-- TASK TO CARRY OUT --
Could you count the lines in the entries beneath that hold the word "intro"? Respond with the number alone.
- Opening Delimiter -
(* Let $\mathcal{D}=(\mathcal{P},\mathcal{B},\mathcal{I})$ be a $(v,b,r,k,\lambda_1,0)$ SPBIBD of type $(k-1,t)$ with $0<t<k$, and let $\Gamma$ be its incidence graph. Then every vertex $p\in\mathcal{P}$ is distance-regularized. Moreover, $\Gamma$ is distance-semiregular with respect to $\mathcal{P}$ with intersection numbers $c_0=0,\ c_1=1,\ c_2=\lambda_1,\ c_3=t,\ c_4=r$; $b_0=r,\ b_1=k-1,\ b_2=r-\lambda_1,\ b_3=k-t,\ b_4=0$.
   Context: A design $\mathcal{D}=(\mathcal{P},\mathcal{B},\mathcal{I})$ is an incidence structure with $|\mathcal{P}|=v$, $|\mathcal{B}|=b$, every block incident with exactly $k$ points and every point with exactly $r$ blocks; standing assumptions: $v>k$ and $r<b$. $(p,B)$ is a flag if $p\in B$, a non-flag otherwise. $\mathcal{D}$ is a $(v,b,r,k,\lambda_1,\lambda_2)$ SPBIBD of type $(s,t)$ if (i) any two distinct points are together in exactly $\lambda_1$ or exactly $\lambda_2$ blocks; (ii) for every flag $(p,B)$, the number of points of $B$ other than $p$ lying with $p$ in exactly $\lambda_1$ blocks is $s$; (iii) for every non-flag $(p,B)$, the number of points of $B$ lying with $p$ in exactly $\lambda_1$ blocks is $t$. The incidence graph is the bipartite graph on $\mathcal{P}\cup\mathcal{B}$ with $p\sim B$ iff $p\in B$. For a connected graph, $\Gamma_i(u)$ is the set of vertices at distance $i$ from $u$, $\Gamma(u)=\Gamma_1(u)$, $\varepsilon(u)$ the eccentricity. For $w\in\Gamma_i(u)$, $b_i(u,w)=|\Gamma_{i+1}(u)\cap\Gamma(w)|$, $c_i(u,w)=|\Gamma_{i-1}(u)\cap\Gamma(w)|$, $a_i(u,w)=|\Gamma_i(u)\cap\Gamma(w)|$. $u$ is distance-regularized if for each $0\le i\le\varepsilon(u)$ these do not depend on $w\in\Gamma_i(u)$. A connected $(Y,Y')$-bipartite graph is distance-semiregular with respect to $Y$ if every vertex of $Y$ is distance-regularized with the same numbers $b_i, c_i$ (i.e. $b_i(x,w)=b_i$, $c_i(x,w)=c_i$ for all $x\in Y$, $w\in\Gamma_i(x)$). *)

theory Defs
  imports Main
begin

text \<open>A design with point set P, block set Bs and incidence relation I
(only its restriction to P x Bs matters).\<close>

definition design ::
  "'p set \<Rightarrow> 'b set \<Rightarrow> ('p \<Rightarrow> 'b \<Rightarrow> bool) \<Rightarrow> nat \<Rightarrow> nat \<Rightarrow> nat \<Rightarrow> nat \<Rightarrow> bool" where
  "design P Bs I v b r k \<longleftrightarrow>
     finite P \<and> finite Bs \<and> card P = v \<and> card Bs = b \<and>
     (\<forall>B\<in>Bs. card {p\<in>P. I p B} = k) \<and>
     (\<forall>p\<in>P. card {B\<in>Bs. I p B} = r) \<and>
     v > k \<and> r < b"

definition conc :: "'p set \<Rightarrow> 'b set \<Rightarrow> ('p \<Rightarrow> 'b \<Rightarrow> bool) \<Rightarrow> 'p \<Rightarrow> 'p \<Rightarrow> nat" where
  "conc P Bs I p q = card {B\<in>Bs. I p B \<and> I q B}"

definition spbibd ::
  "'p set \<Rightarrow> 'b set \<Rightarrow> ('p \<Rightarrow> 'b \<Rightarrow> bool) \<Rightarrow> nat \<Rightarrow> nat \<Rightarrow> nat \<Rightarrow> nat \<Rightarrow> nat \<Rightarrow> nat
     \<Rightarrow> nat \<Rightarrow> nat \<Rightarrow> bool" where
  "spbibd P Bs I v b r k l1 l2 s t \<longleftrightarrow>
     design P Bs I v b r k \<and>
     (\<forall>p\<in>P. \<forall>q\<in>P. p \<noteq> q \<longrightarrow> conc P Bs I p q = l1 \<or> conc P Bs I p q = l2) \<and>
     (\<forall>p\<in>P. \<forall>B\<in>Bs. I p B \<longrightarrow>
        card {q\<in>P. q \<noteq> p \<and> I q B \<and> conc P Bs I p q = l1} = s) \<and>
     (\<forall>p\<in>P. \<forall>B\<in>Bs. \<not> I p B \<longrightarrow>
        card {q\<in>P. I q B \<and> conc P Bs I p q = l1} = t)"

definition inc_vertices :: "'p set \<Rightarrow> 'b set \<Rightarrow> ('p + 'b) set" where
  "inc_vertices P Bs = Inl ` P \<union> Inr ` Bs"

fun inc_adj :: "'p set \<Rightarrow> 'b set \<Rightarrow> ('p \<Rightarrow> 'b \<Rightarrow> bool) \<Rightarrow> 'p + 'b \<Rightarrow> 'p + 'b \<Rightarrow> bool" where
  "inc_adj P Bs I (Inl p) (Inr B) = (p \<in> P \<and> B \<in> Bs \<and> I p B)"
| "inc_adj P Bs I (Inr B) (Inl p) = (p \<in> P \<and> B \<in> Bs \<and> I p B)"
| "inc_adj P Bs I _ _ = False"

inductive walk :: "('v \<Rightarrow> 'v \<Rightarrow> bool) \<Rightarrow> nat \<Rightarrow> 'v \<Rightarrow> 'v \<Rightarrow> bool" for adj where
  walk0: "walk adj 0 u u"
| walkS: "adj u x \<Longrightarrow> walk adj n x w \<Longrightarrow> walk adj (Suc n) u w"

definition gconnected :: "'v set \<Rightarrow> ('v \<Rightarrow> 'v \<Rightarrow> bool) \<Rightarrow> bool" where
  "gconnected V adj \<longleftrightarrow> (\<forall>u\<in>V. \<forall>w\<in>V. \<exists>n. walk adj n u w)"

definition gdist :: "('v \<Rightarrow> 'v \<Rightarrow> bool) \<Rightarrow> 'v \<Rightarrow> 'v \<Rightarrow> nat" where
  "gdist adj u w = (LEAST n. walk adj n u w)"

definition sphere :: "'v set \<Rightarrow> ('v \<Rightarrow> 'v \<Rightarrow> bool) \<Rightarrow> 'v \<Rightarrow> nat \<Rightarrow> 'v set" where
  "sphere V adj u i = {w\<in>V. (\<exists>n. walk adj n u w) \<and> gdist adj u w = i}"

definition nbhd :: "'v set \<Rightarrow> ('v \<Rightarrow> 'v \<Rightarrow> bool) \<Rightarrow> 'v \<Rightarrow> 'v set" where
  "nbhd V adj w = {x\<in>V. adj w x}"

definition ecc :: "'v set \<Rightarrow> ('v \<Rightarrow> 'v \<Rightarrow> bool) \<Rightarrow> 'v \<Rightarrow> nat" where
  "ecc V adj u = Max (gdist adj u ` V)"

definition bnum :: "'v set \<Rightarrow> ('v \<Rightarrow> 'v \<Rightarrow> bool) \<Rightarrow> 'v \<Rightarrow> 'v \<Rightarrow> nat" where
  "bnum V adj u w = card (sphere V adj u (Suc (gdist adj u w)) \<inter> nbhd V adj w)"

definition cnum :: "'v set \<Rightarrow> ('v \<Rightarrow> 'v \<Rightarrow> bool) \<Rightarrow> 'v \<Rightarrow> 'v \<Rightarrow> nat" where
  "cnum V adj u w =
     (if gdist adj u w = 0 then 0
      else card (sphere V adj u (gdist adj u w - 1) \<inter> nbhd V adj w))"

definition anum :: "'v set \<Rightarrow> ('v \<Rightarrow> 'v \<Rightarrow> bool) \<Rightarrow> 'v \<Rightarrow> 'v \<Rightarrow> nat" where
  "anum V adj u w = card (sphere V adj u (gdist adj u w) \<inter> nbhd V adj w)"

definition distance_regularized :: "'v set \<Rightarrow> ('v \<Rightarrow> 'v \<Rightarrow> bool) \<Rightarrow> 'v \<Rightarrow> bool" where
  "distance_regularized V adj u \<longleftrightarrow>
     (\<forall>i \<le> ecc V adj u. \<forall>w\<in>sphere V adj u i. \<forall>w'\<in>sphere V adj u i.
        bnum V adj u w = bnum V adj u w' \<and> cnum V adj u w = cnum V adj u w' \<and>
        anum V adj u w = anum V adj u w')"

definition distance_semiregular ::
  "'v set \<Rightarrow> ('v \<Rightarrow> 'v \<Rightarrow> bool) \<Rightarrow> 'v set \<Rightarrow> (nat \<Rightarrow> nat) \<Rightarrow> (nat \<Rightarrow> nat) \<Rightarrow> bool" where
  "distance_semiregular V adj Y bs cs \<longleftrightarrow>
     gconnected V adj \<and> Y \<subseteq> V \<and>
     (\<forall>x\<in>Y. distance_regularized V adj x \<and>
        (\<forall>i \<le> ecc V adj x. \<forall>w\<in>sphere V adj x i.
           bnum V adj x w = bs i \<and> cnum V adj x w = cs i))"

end

theory Submission
  imports Defs
begin

(*
  The distance from a point p in the incidence graph can be read off the design: a block is at
  distance 1 or 3 according as it contains p or not, and a point q \<noteq> p is at distance 2 or 4
  according as it shares a block with p or not. Since \<lambda>\<^sub>2 = 0, two points share either
  \<lambda>\<^sub>1 blocks or none, so the points collinear with p are exactly those in the
  \<lambda>\<^sub>1-relation to p. Then t > 0 puts a point collinear with p on every non-flag block
  (distance 3), and t < k together with r < b yields a point at distance 4. Each intersection number
  counts inside one block or among the blocks through one point: a collinear point lies on
  \<lambda>\<^sub>1 blocks through p and r - \<lambda>\<^sub>1 others, and a block missing p has t points
  collinear with p and k - t others.
*)

lemma walk_snoc: "walk adj n u w \<Longrightarrow> adj w x \<Longrightarrow> walk adj (Suc n) u x"
  by (induction rule: walk.induct) (auto intro: walk.intros)

lemma walk_append: "walk adj n u w \<Longrightarrow> walk adj m w x \<Longrightarrow> walk adj (n + m) u x"
  by (induction rule: walk.induct) (auto intro: walk.intros)

lemma walk_rev:
  assumes "walk adj n u w" and "\<And>x y. adj x y \<Longrightarrow> adj y x"
  shows "walk adj n w u"
  using assms by (induction rule: walk.induct) (auto intro: walk.intros walk_snoc)

lemma walk_length_lower_bound:
  assumes "walk adj n x w" and "\<And>y z. adj y z \<Longrightarrow> f z \<le> f y + 1"
  shows "f w \<le> f x + n"
  using assms by (induction rule: walk.induct) (auto intro: le_trans)

locale distance_labelling =
  fixes V :: "'v set" and adj :: "'v \<Rightarrow> 'v \<Rightarrow> bool" and u :: 'v and f :: "'v \<Rightarrow> nat"
  assumes label_base: "f u = 0"
    and label_adj_le: "adj x y \<Longrightarrow> f y \<le> f x + 1"
    and walk_label: "w \<in> V \<Longrightarrow> walk adj (f w) u w"
begin

lemma gdist_eq: "w \<in> V \<Longrightarrow> gdist adj u w = f w"
  unfolding gdist_def
proof (rule Least_equality)
  show "walk adj (f w) u w" if "w \<in> V" using walk_label[OF that] .
  show "f w \<le> n" if "walk adj n u w" for n
    using walk_length_lower_bound[of adj n u w f] that label_adj_le label_base by simp
qed

lemma sphere_eq: "sphere V adj u i = {w\<in>V. f w = i}"
  unfolding sphere_def by (auto dest: walk_label gdist_eq)

lemma ecc_eq: "ecc V adj u = Max (f ` V)"
  unfolding ecc_def by (metis (no_types, lifting) gdist_eq image_cong)

lemma bnum_eq: "w \<in> V \<Longrightarrow> bnum V adj u w = card {x\<in>nbhd V adj w. f x = Suc (f w)}"
  unfolding bnum_def by (auto simp: gdist_eq sphere_eq nbhd_def intro: arg_cong[where f = card])

lemma cnum_eq:
  "w \<in> V \<Longrightarrow> cnum V adj u w = (if f w = 0 then 0 else card {x\<in>nbhd V adj w. f x = f w - 1})"
  unfolding cnum_def by (auto simp: gdist_eq sphere_eq nbhd_def intro: arg_cong[where f = card])

lemma anum_eq: "w \<in> V \<Longrightarrow> anum V adj u w = card {x\<in>nbhd V adj w. f x = f w}"
  unfolding anum_def by (auto simp: gdist_eq sphere_eq nbhd_def intro: arg_cong[where f = card])

lemma gconnected:
  assumes "\<And>x y. adj x y \<Longrightarrow> adj y x"
  shows "gconnected V adj"
  unfolding gconnected_def
  by (metis walk_append walk_label walk_rev assms)

lemma intersection_numbers_by_label:
  assumes "\<And>w. w \<in> V \<Longrightarrow>
    bnum V adj u w = bs (f w) \<and> cnum V adj u w = cs (f w) \<and> anum V adj u w = as (f w)"
  shows "distance_regularized V adj u"
    and "\<forall>i \<le> ecc V adj u. \<forall>w\<in>sphere V adj u i. bnum V adj u w = bs i \<and> cnum V adj u w = cs i"
  using assms by (auto simp: distance_regularized_def sphere_eq)

end

lemma inc_adj_sym: "inc_adj P Bs I x y \<Longrightarrow> inc_adj P Bs I y x"
  by (cases x; cases y) auto

lemma nbhd_Inl:
  "q \<in> P \<Longrightarrow> nbhd (inc_vertices P Bs) (inc_adj P Bs I) (Inl q) = Inr ` {B\<in>Bs. I q B}"
  unfolding nbhd_def inc_vertices_def by (auto elim: inc_adj.elims)

lemma nbhd_Inr:
  "B \<in> Bs \<Longrightarrow> nbhd (inc_vertices P Bs) (inc_adj P Bs I) (Inr B) = Inl ` {q\<in>P. I q B}"
  unfolding nbhd_def inc_vertices_def by (auto elim: inc_adj.elims)

lemma card_nbhd_Inl:
  assumes "q \<in> P"
  shows "card {x\<in>nbhd (inc_vertices P Bs) (inc_adj P Bs I) (Inl q). Q x}
       = card {B\<in>Bs. I q B \<and> Q (Inr B)}"
proof -
  have "{x\<in>nbhd (inc_vertices P Bs) (inc_adj P Bs I) (Inl q). Q x}
      = Inr ` {B\<in>Bs. I q B \<and> Q (Inr B)}"
    using assms by (auto simp: nbhd_Inl)
  then show ?thesis by (simp add: card_image)
qed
- Closing Delimiter -
-- TASK RESPONSE --
7